** Opening Records supplied block **

(* Let $0<A<1$ and let $\theta\in C(\mathbb{R})$ with $\lim_{|x|\to\infty}\theta(x)=0$. Then there is a piecewise constant function $G>0$ on $\mathbb{R}$ such that $G(x)\ge\max(|\theta(x)|,\theta(x)^2)$ for all $x\in\mathbb{R}$, $G$ is even on $\mathbb{R}$ and nonincreasing on $[0,+\infty)$, $\lim_{x\to+\infty}G(x)=0$, and there is $\sigma>0$ such that for all $i\in\mathbb{N}$, $$(\rho_i*G)(x)\le\frac{\sigma}{1+i}G(x)\quad\text{for all }x\in\mathbb{R}.$$
   Context: $\lambda_i:=-1+(2i+1)A$ for $i\in\mathbb{N}$ (so $\lambda_0=A-1<0$ and $\lambda_i-\lambda_0=2iA$). For $i\ge1$, $\rho_i(z):=\frac{1}{2\sqrt{\lambda_i-\lambda_0}}e^{-\sqrt{\lambda_i-\lambda_0}|z|}$, and $\rho_0(z):=\frac{1}{2\sqrt{-\lambda_0}}e^{-\sqrt{-\lambda_0}|z|}$; $*$ denotes convolution on $\mathbb{R}$. *)

theory Defs
  imports "HOL-Analysis.Analysis"
begin

definition lam :: "real \<Rightarrow> nat \<Rightarrow> real" where
  "lam A i = -1 + (2 * real i + 1) * A"

definition rho :: "real \<Rightarrow> nat \<Rightarrow> real \<Rightarrow> real" where
  "rho A i z =
     (if i = 0 then 1 / (2 * sqrt (- lam A 0)) * exp (- sqrt (- lam A 0) * \<bar>z\<bar>)
      else 1 / (2 * sqrt (lam A i - lam A 0)) * exp (- sqrt (lam A i - lam A 0) * \<bar>z\<bar>))"

definition conv :: "(real \<Rightarrow> real) \<Rightarrow> (real \<Rightarrow> real) \<Rightarrow> real \<Rightarrow> real" where
  "conv f g x = (LINT y|lborel. f (x - y) * g y)"

definition piecewise_constant :: "(real \<Rightarrow> real) \<Rightarrow> bool" where
  "piecewise_constant G \<longleftrightarrow>
     (\<exists>S. (\<forall>a b. finite (S \<inter> {a..b})) \<and>
          (\<forall>x. x \<notin> S \<longrightarrow> (\<exists>e>0. \<forall>y. \<bar>y - x\<bar> < e \<longrightarrow> G y = G x)))"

** Closing Records supplied block **

Return the records above verbatim, in their entirety.

(* Let $0<A<1$ and let $\theta\in C(\mathbb{R})$ with $\lim_{|x|\to\infty}\theta(x)=0$. Then there is a piecewise constant function $G>0$ on $\mathbb{R}$ such that $G(x)\ge\max(|\theta(x)|,\theta(x)^2)$ for all $x\in\mathbb{R}$, $G$ is even on $\mathbb{R}$ and nonincreasing on $[0,+\infty)$, $\lim_{x\to+\infty}G(x)=0$, and there is $\sigma>0$ such that for all $i\in\mathbb{N}$, $$(\rho_i*G)(x)\le\frac{\sigma}{1+i}G(x)\quad\text{for all }x\in\mathbb{R}.$$
   Context: $\lambda_i:=-1+(2i+1)A$ for $i\in\mathbb{N}$ (so $\lambda_0=A-1<0$ and $\lambda_i-\lambda_0=2iA$). For $i\ge1$, $\rho_i(z):=\frac{1}{2\sqrt{\lambda_i-\lambda_0}}e^{-\sqrt{\lambda_i-\lambda_0}|z|}$, and $\rho_0(z):=\frac{1}{2\sqrt{-\lambda_0}}e^{-\sqrt{-\lambda_0}|z|}$; $*$ denotes convolution on $\mathbb{R}$. *)

theory Defs
  imports "HOL-Analysis.Analysis"
begin

definition lam :: "real \<Rightarrow> nat \<Rightarrow> real" where
  "lam A i = -1 + (2 * real i + 1) * A"

definition rho :: "real \<Rightarrow> nat \<Rightarrow> real \<Rightarrow> real" where
  "rho A i z =
     (if i = 0 then 1 / (2 * sqrt (- lam A 0)) * exp (- sqrt (- lam A 0) * \<bar>z\<bar>)
      else 1 / (2 * sqrt (lam A i - lam A 0)) * exp (- sqrt (lam A i - lam A 0) * \<bar>z\<bar>))"

definition conv :: "(real \<Rightarrow> real) \<Rightarrow> (real \<Rightarrow> real) \<Rightarrow> real \<Rightarrow> real" where
  "conv f g x = (LINT y|lborel. f (x - y) * g y)"

definition piecewise_constant :: "(real \<Rightarrow> real) \<Rightarrow> bool" where
  "piecewise_constant G \<longleftrightarrow>
     (\<exists>S. (\<forall>a b. finite (S \<inter> {a..b})) \<and>
          (\<forall>x. x \<notin> S \<longrightarrow> (\<exists>e>0. \<forall>y. \<bar>y - x\<bar> < e \<longrightarrow> G y = G x)))"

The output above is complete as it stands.